Each EESI entrepreneur has worked at increasingly broad scales of impact to create entrepreneurial opportunities and build capacity among community members, leading to stronger resilience within the community:
- The first EESI entrepreneur developed a concept through his work in two schools with food gardening, and brought to market an affordable, low-tech, robust product that helped those schools as well as vulnerable residents of under-resourced communities who purchased his product to grow food in a water-scarce, drought-ravaged environment.
- The second entrepreneur helped 23 food gardens in Langa introduce drought-tolerant, resilient indigenous crop plants that improved farming yields from existing conventional crops, created new income streams from harvesting the indigenous plants, and improved environmental quality on their farms and in the surrounding areas of their community.
- The third entrepreneur built on this to help 54 farmers in Khayelitsha use their harvests to intentionally improve the nutrition of their households, impacting 270 people, while also earning additional income from the sale of harvested items and items they had processed through fermentation, pickling and other forms of preserving or agri-processing. The farmers’ households have improved nutrition, their incomes have increased, their overall well-being has improved, and the benefits of growing indigenous crop plants were expanded.

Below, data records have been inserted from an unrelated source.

text \<open>The first untiled cell, at the lowest level in the leftmost lowest column, is the
  corner of the tile covering it.\<close>

function profile_count :: "nat list \<Rightarrow> nat \<Rightarrow> nat" where
  "profile_count h L =
     (if \<forall>y\<in>set h. L \<le> y then 1 else
        let m = min_list h; i = lowest_column h in
          (if flat_at h i 2 m \<and> m + 3 \<le> L then profile_count (raise_columns h i 2 (m + 3)) L else 0)
        + (if flat_at h i 3 m \<and> m + 2 \<le> L then profile_count (raise_columns h i 3 (m + 2)) L else 0))"
  by pat_completeness auto
termination
  by (relation "measure (\<lambda>(h, L). card (profile_region h L))")
     (auto simp del: add_2_eq_Suc' intro: card_profile_region_raise_columns_less)

declare profile_count.simps [simp del]

lemma card_tilings_of_profile_region: "card (tilings_of 2 3 (profile_region h L)) = profile_count h L"
proof (induction h L rule: profile_count.induct)
  case (1 h L)
  show ?case
  proof (cases "\<forall>y\<in>set h. L \<le> y")
    case True
    then have "profile_region h L = {}"
      by (auto simp: profile_region_def dest!: nth_mem)
    then show ?thesis
      using True by (subst profile_count.simps) (simp add: tilings_of_empty)
  next
    case False
    define m i where "m = min_list h" and "i = lowest_column h"
    have heights: "\<forall>k<length h. m \<le> h ! k"
      by (simp add: m_def min_list_le_nth)
    have corner: "(i, m) \<in> profile_region h L"
      using False unfolding m_def i_def by (rule first_cell_in_profile_region)
    have first: "m < y \<or> y = m \<and> i \<le> x" if "(x, y) \<in> profile_region h L" for x y
      using that unfolding m_def i_def by (rule profile_region_above_first_cell)
    have remove_block:
      "(if block w d i m \<subseteq> profile_region h L
        then card (tilings_of 2 3 (profile_region h L - block w d i m)) else 0)
     = (if flat_at h i w m \<and> m + d \<le> L
        then card (tilings_of 2 3 (profile_region (raise_columns h i w (m + d)) L)) else 0)"
      if "0 < w" "0 < d" for w d
      using that heights by (simp add: block_subset_profile_region_iff profile_region_raise_columns)
    have "card (tilings_of 2 3 (profile_region h L)) =
            (if block 2 3 i m \<subseteq> profile_region h L
             then card (tilings_of 2 3 (profile_region h L - block 2 3 i m)) else 0)
          + (if block 3 2 i m \<subseteq> profile_region h L
             then card (tilings_of 2 3 (profile_region h L - block 3 2 i m)) else 0)"
      by (rule card_tilings_of_first_cell[OF _ _ _ corner finite_profile_region first]) simp_all
    also have "\<dots> = profile_count h L"
      unfolding remove_block[of 2 3, simplified] remove_block[of 3 2, simplified]
      unfolding profile_count.simps[of h L] if_not_P[OF False] Let_def m_def[symmetric] i_def[symmetric]
      using 1(1,2)[OF False m_def i_def] by simp
    finally show ?thesis .
  qed
qed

Through this journey from 2019 to early 2025, we have seen the potential to tap into the deep local knowledge and entrepreneurial energies of vulnerable residents of under-resourced communities, and at the grassroots level through food growing activities (i.e., farming, harvesting, preparing and processing) to support them in addressing for themselves the shocks and stresses caused by climate change, such as drought, disrupted and intensified rainfall patterns, elevated temperatures and extreme heat events. These initiatives have brought benefits at personal, household and community levels, across financial, health and environmental measures.
EESI will build on this trajectory of broadening impact with a more explicit focus on the shocks and stresses caused by climate change. We envision increasing numbers of vulnerable residents of marginalised communities taking the lead in identifying and implementing the solutions and responses that make sense for them, particularly women, leveraging the existing skills, tools, ecological and built infrastructure, social capital and other assets available through urban farming and farmer networks.